__What to do__: Whenever the word "conjI" shows up in a line of the data, copy that line.

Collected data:

lemma wt_Cons [simp]: "wt (a # x) = (if a then 1 else 0) + wt x"
  by (simp add: wt_def)

lemma wt_Nil [simp]: "wt [] = 0"
  by (simp add: wt_def)

lemma bxor_Cons [simp]: "bxor (a # x) (b # y) = (a \<noteq> b) # bxor x y"
  by (simp add: bxor_def)

lemma bxor_Nil [simp]: "bxor [] y = []" "bxor x [] = []"
  by (simp_all add: bxor_def)

lemma length_bxor [simp]: "length (bxor x y) = min (length x) (length y)"
  by (simp add: bxor_def)

lemma idot_commute: "idot x y = idot y x"
proof (induction x arbitrary: y)
  case Nil
  then show ?case by simp
next
  case (Cons a x)
  then show ?case by (cases y) auto
qed

lemma neg_one_power_idot_bxor:
  "length u = length v \<Longrightarrow>
     (-1 :: 'a :: ring_1) ^ idot z (bxor u v) = (-1) ^ idot z u * (-1) ^ idot z v"
proof (induction u v arbitrary: z rule: list_induct2)
  case Nil
  then show ?case by simp
next
  case (Cons a u b v)
  then show ?case by (cases z) (auto simp: power_add)
qed

lemma wt_bxor: "length x = length y \<Longrightarrow> wt (bxor x y) + 2 * idot x y = wt x + wt y"
  by (induction x y rule: list_induct2) auto

lemma bxor_eq_replicate_False_iff:
  "length x = length y \<Longrightarrow> bxor x y = replicate (length x) False \<longleftrightarrow> x = y"
  by (induction x y rule: list_induct2) auto

lemma sgnb_bdot: "sgnb (bdot x y) = (-1) ^ idot x y"
  by (simp add: sgnb_def bdot_def idot_def)

lemma sgnb_neq: "sgnb (a \<noteq> b) = sgnb a * sgnb b"
  by (simp add: sgnb_def)

lemma cnj_sgnb [simp]: "cnj (sgnb b) = sgnb b"
  by (simp add: sgnb_def)

lemma bvecs_eq_lists: "bvecs n = {xs. set xs \<subseteq> UNIV \<and> length xs = n}"
  by (simp add: bvecs_def)

lemma finite_bvecs [simp]: "finite (bvecs n)"
  unfolding bvecs_eq_lists by (rule finite_lists_length_eq) simp

lemma card_bvecs: "card (bvecs n) = 2 ^ n"
  using card_lists_length_eq[of "UNIV :: bool set" n] by (simp add: bvecs_eq_lists)

lemma length_in_bvecs [simp]: "length x = n \<Longrightarrow> x \<in> bvecs n"
  by (simp add: bvecs_def)

lemma sum_bvecs_Suc:
  "(\<Sum>x\<in>bvecs (Suc n). g x) = (\<Sum>x\<in>bvecs n. g (True # x)) + (\<Sum>x\<in>bvecs n. g (False # x))"
proof -
  have "bvecs (Suc n) = Cons True ` bvecs n \<union> Cons False ` bvecs n"
    by (auto simp: bvecs_def length_Suc_conv)
  then show ?thesis
    unfolding \<open>bvecs (Suc n) = _\<close> by (subst sum.union_disjoint) (auto simp: sum.reindex)
qed

lemma sum_neg_one_power_idot:
  "length v = n \<Longrightarrow>
     (\<Sum>z\<in>bvecs n. (-1 :: 'a :: ring_1) ^ idot z v) = (if v = replicate n False then 2 ^ n else 0)"
proof (induction n arbitrary: v)
  case 0
  then show ?case by (simp add: bvecs_def)
next
  case (Suc n)
  then obtain b v' where "v = b # v'" "length v' = n"
    by (cases v) auto
  with Suc.IH[of v'] show ?case
    by (cases b) (auto simp: sum_bvecs_Suc sum_negf mult_2)
qed

lemma walsh_inversion:
  assumes "length u = n"
  shows "(\<Sum>z\<in>bvecs n. (-1) ^ idot z u * (\<Sum>x\<in>bvecs n. (-1) ^ idot z x * g x))
           = (2 :: 'a :: comm_ring_1) ^ n * g u"
proof -
  have "(-1) ^ idot z u * (\<Sum>x\<in>bvecs n. (-1) ^ idot z x * g x)
      = (\<Sum>x\<in>bvecs n. g x * (-1) ^ idot z (bxor u x))" for z
    using assms
    by (auto simp: sum_distrib_left bvecs_def neg_one_power_idot_bxor mult_ac intro!: sum.cong)
  then have "(\<Sum>z\<in>bvecs n. (-1) ^ idot z u * (\<Sum>x\<in>bvecs n. (-1) ^ idot z x * g x))
      = (\<Sum>x\<in>bvecs n. g x * (\<Sum>z\<in>bvecs n. (-1) ^ idot z (bxor u x)))"
    by (simp add: sum_distrib_left) (rule sum.swap)
  also have "\<dots> = (\<Sum>x\<in>bvecs n. if x = u then 2 ^ n * g x else 0)"
  proof (intro sum.cong refl)
    fix x
    assume "x \<in> bvecs n"
    then have "length x = n"
      by (simp add: bvecs_def)
    with assms show "g x * (\<Sum>z\<in>bvecs n. (-1) ^ idot z (bxor u x)) = (if x = u then 2 ^ n * g x else 0)"
      using bxor_eq_replicate_False_iff[of u x] by (auto simp: sum_neg_one_power_idot mult.commute)
  qed
  also have "\<dots> = 2 ^ n * g u"
    using assms by simp
  finally show ?thesis .
qed
lemma prime_if_no_small_divisor:
  assumes "1 < n" "no_small_divisor n 2"
  shows "prime n"
  unfolding prime_divisor_sqrt
proof (intro conjI allI impI)
  show "n \<noteq> 1"
    using assms(1) by simp
  fix d
  assume d: "d dvd n \<and> d\<^sup>2 \<le> n"
  then have "d \<noteq> 0"
    using assms(1) by (auto intro: Nat.gr0I)
  moreover have "\<not> 2 \<le> d"
    using no_small_divisor_dvd[OF assms(2)] d by (auto simp: power2_eq_square)
  ultimately show "d = 1"
    by simp
qed

lemma prime_factorization_eqI:
  fixes n :: nat
  assumes "prod_mset A = n" "\<And>p. p \<in># A \<Longrightarrow> prime p"
  shows "prime_factorization n = A"
  using prime_factorization_prod_mset_primes[of A] assms by simp

lemma prime_factorization_fib:
  "prime_factorization (fib 4) = {#3#}"
  "prime_factorization (fib 6) = {#2, 2, 2#}"
  "prime_factorization (fib 8) = {#3, 7#}"
  "prime_factorization (fib 10) = {#5, 11#}"
  "prime_factorization (fib 12) = {#2, 2, 2, 2, 3, 3#}"
  "prime_factorization (fib 14) = {#13, 29#}"
  "prime_factorization (fib 16) = {#3, 7, 47#}"
  "prime_factorization (fib 18) = {#2, 2, 2, 17, 19#}"
  "prime_factorization (fib 20) = {#3, 5, 11, 41#}"
  "prime_factorization (fib 22) = {#89, 199#}"
  "prime_factorization (fib 24) = {#2, 2, 2, 2, 2, 3, 3, 7, 23#}"
  "prime_factorization (fib 26) = {#233, 521#}"
  "prime_factorization (fib 28) = {#3, 13, 29, 281#}"
  "prime_factorization (fib 30) = {#2, 2, 2, 5, 11, 31, 61#}"
  "prime_factorization (fib 32) = {#3, 7, 47, 2207#}"
  "prime_factorization (fib 36) = {#2, 2, 2, 2, 3, 3, 3, 17, 19, 107#}"
  "prime_factorization (fib 40) = {#3, 5, 7, 11, 41, 2161#}"
  "prime_factorization (fib 44) = {#3, 43, 89, 199, 307#}"
  "prime_factorization (fib 48) = {#2, 2, 2, 2, 2, 2, 3, 3, 7, 23, 47, 1103#}"
  "prime_factorization (fib 52) = {#3, 233, 521, 90481#}"
  "prime_factorization (fib 56) = {#3, 7, 7, 13, 29, 281, 14503#}"
  by (rule prime_factorization_eqI;
      auto simp del: prime_nat_numeral_eq
        simp add: fib_numeral_eq_gen_fib gen_fib_numeral prime_if_no_small_divisor no_small_divisor.simps)+

lemma fib_prime_factor_cofactor:
  fixes k m f :: nat
  assumes "even k" "4 \<le> k" "k \<le> 30" "m \<in> {k, k + 2, 2 * (k - 2)}"
    and "f \<in> prime_factors (fib m)" "k dvd f - 1"
  shows "(f - 1) div k \<in> {1, 2, 4, 9, 10, 20}"
proof -
  have "k \<in> {4, 6, 8, 10, 12, 14, 16, 18, 20, 22, 24, 26, 28, 30}"
    using assms(1-3) by (auto elim!: evenE; presburger)
  then show ?thesis
    using assms(4-6) by (auto simp: prime_factorization_fib)
qed

lemma prime_mult_succ_not_dvd_fib:
  fixes k q m :: nat
  assumes "prime q" "q \<noteq> 2" "prime (k * q + 1)"
    and "even k" "4 \<le> k" "k \<le> 30" "m \<in> {k, k + 2, 2 * (k - 2)}"
  shows "\<not> k * q + 1 dvd fib m"
proof
  assume "k * q + 1 dvd fib m"
  moreover have "0 < m"
    using assms(5,7) by auto
  ultimately have "k * q + 1 \<in> prime_factors (fib m)"
    using assms(3) by (auto simp: in_prime_factors_iff fib_neq_0_nat)
  moreover have "k dvd (k * q + 1) - 1"
    by simp
  ultimately have "(k * q + 1 - 1) div k \<in> {1, 2, 4, 9, 10, 20}"
    by (rule fib_prime_factor_cofactor[OF assms(4-7)])
  then have "q \<in> {1, 2, 4, 9, 10, 20}"
    using assms(5) by simp
  then show False
    using assms(1,2) by auto
qed

theorem theorem4p2:
  fixes q k :: nat
  assumes "prime q" and "odd q" and "q \<noteq> 5"
    and "2 \<le> k" and "k \<le> 31"
    and "prime (k * q + 1)"
    and "rank_app (k * q + 1) dvd pisano q"
  shows "k = 2"
proof (rule ccontr)
  assume "k \<noteq> 2"
  define p where "p = k * q + 1"
  have "q \<noteq> 2" "2 < q"
    using assms(1,2) prime_ge_2_nat[of q] by (auto simp: le_less)
  then have "6 < p"
    using assms(4) mult_le_mono[of 2 k 3 q] by (simp add: p_def)
  have p: "prime p" "p \<noteq> 2" "p \<noteq> 5"
    using assms(6) \<open>6 < p\<close> by (auto simp only: p_def)
  have "even k"
    using assms(2) p(1) \<open>6 < p\<close> prime_odd_nat[of p] by (auto simp: p_def)
  have "rank_app p dvd k * q \<or> rank_app p dvd k * q + 2"
    using rank_app_prime_dvd[OF p] by (simp add: p_def)
  moreover have "rank_app p dvd q - 1 \<or> rank_app p dvd 2 * (q + 1)"
    using pisano_prime_dvd[OF assms(1) \<open>q \<noteq> 2\<close> assms(3)] assms(7) dvd_trans
    unfolding p_def by blast
  ultimately obtain m where m: "m \<in> {k, k + 2, 2 * (k - 2)}" "rank_app p dvd m"
    using dvd_mult_prime_cases[OF assms(1) \<open>2 < q\<close> assms(4)] by blast
  then have "p dvd fib m"
    using prime_dvd_fib_rank_app[OF p] fib_dvd_fib dvd_trans by blast
  moreover have "\<not> p dvd fib m"
    unfolding p_def
    using prime_mult_succ_not_dvd_fib[OF assms(1) \<open>q \<noteq> 2\<close> assms(6) \<open>even k\<close> _ _ m(1)]
      assms(4,5) \<open>k \<noteq> 2\<close> \<open>even k\<close> by (auto elim!: evenE)
  ultimately show False
    by contradiction
qed

end
lemma continuous_map_slide_double:
  fixes p :: "'a::real_normed_vector"
  shows "continuous_map (prod_topology (top_of_set {0..1}) (double_config_space j))
    (double_config_space j) (slide_double p)"
proof (rule continuous_compose_quotient_map[OF quotient_map_prod_right[OF _ _ quotient_map_w]])
  show "locally_compact_space (top_of_set {0..1::real})"
    by (simp add: compact_imp_locally_compact_space compact_space_subtopology)
  show "Hausdorff_space (top_of_set {0..1::real}) \<or> regular_space (top_of_set {0..1::real})"
    by (simp add: Hausdorff_space_subtopology)
  let ?T = "subtopology (power_topology (j + 2) euclidean)
    (tuples_of_type (replicate_mset j 1 + {#2#}) (euclidean :: 'a topology))"
  let ?Z = "prod_topology (top_of_set {0..1::real}) ?T"
  let ?v = "\<lambda>z. fst z *\<^sub>R (p - double_point (sym_map (j + 2) (snd z)))"
  let ?R = "\<lambda>z. restrict (\<lambda>i. snd z i + ?v z) {..<j + 2}"
  have "continuous_map ?Z (power_topology (j + 2) euclidean) ?R"
    unfolding continuous_map_componentwise
  proof (intro conjI ballI)
    fix i assume "i \<in> {..<j + 2}"
    then have "continuous_map ?T euclidean (\<lambda>x. x i)"
      by (intro continuous_map_from_subtopology continuous_map_product_projection)
    then have coordinate: "continuous_map ?Z euclidean (\<lambda>z. snd z i)"
      using continuous_map_compose[OF continuous_map_snd] by (simp add: comp_def)
    have time: "continuous_map ?Z euclideanreal fst"
      using continuous_map_fst[of "top_of_set {0..1::real}" ?T]
      by (simp add: continuous_map_in_subtopology)
    have double: "continuous_map ?Z euclidean (\<lambda>z. double_point (sym_map (j + 2) (snd z)))"
      using continuous_map_compose[OF continuous_map_snd continuous_map_double_point]
      by (simp add: comp_def)
    have "continuous_map ?Z euclidean (\<lambda>z. snd z i + ?v z)"
      by (intro continuous_map_add continuous_map_scaleR continuous_map_diff coordinate time double) simp
    then show "continuous_map ?Z euclidean (\<lambda>z. ?R z i)"
      using \<open>i \<in> {..<j + 2}\<close> by simp
  qed auto
  moreover have eq: "sym_map (j + 2) (?R z) = slide_double p (fst z, sym_map (j + 2) (snd z))" for z
    by (simp only: sym_map_slide slide_double_def case_prod_conv)
  moreover have "slide_double p (fst z, sym_map (j + 2) (snd z)) \<in> topspace (double_config_space j)"
    if "z \<in> topspace ?Z" for z
  proof (intro slide_double_in_double_config_space sym_map_in_double_config_space)
    show "snd z \<in> tuples_of_type (replicate_mset j 1 + {#2#}) euclidean"
      using that by (simp add: topspace_prod_topology mem_Times_iff)
  qed
  ultimately have "continuous_map ?Z (double_config_space j) (sym_map (j + 2) \<circ> ?R)"
    by (intro continuous_map_sym_map_into_w) auto
  then show "continuous_map ?Z (double_config_space j) (slide_double p \<circ> (\<lambda>(t, x). (t, sym_map (j + 2) x)))"
    by (rule continuous_map_eq) (auto simp only: eq o_apply fst_conv snd_conv split: prod.splits)
qed simp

__Output for this task__:
proof (intro conjI allI impI)
  proof (intro conjI ballI)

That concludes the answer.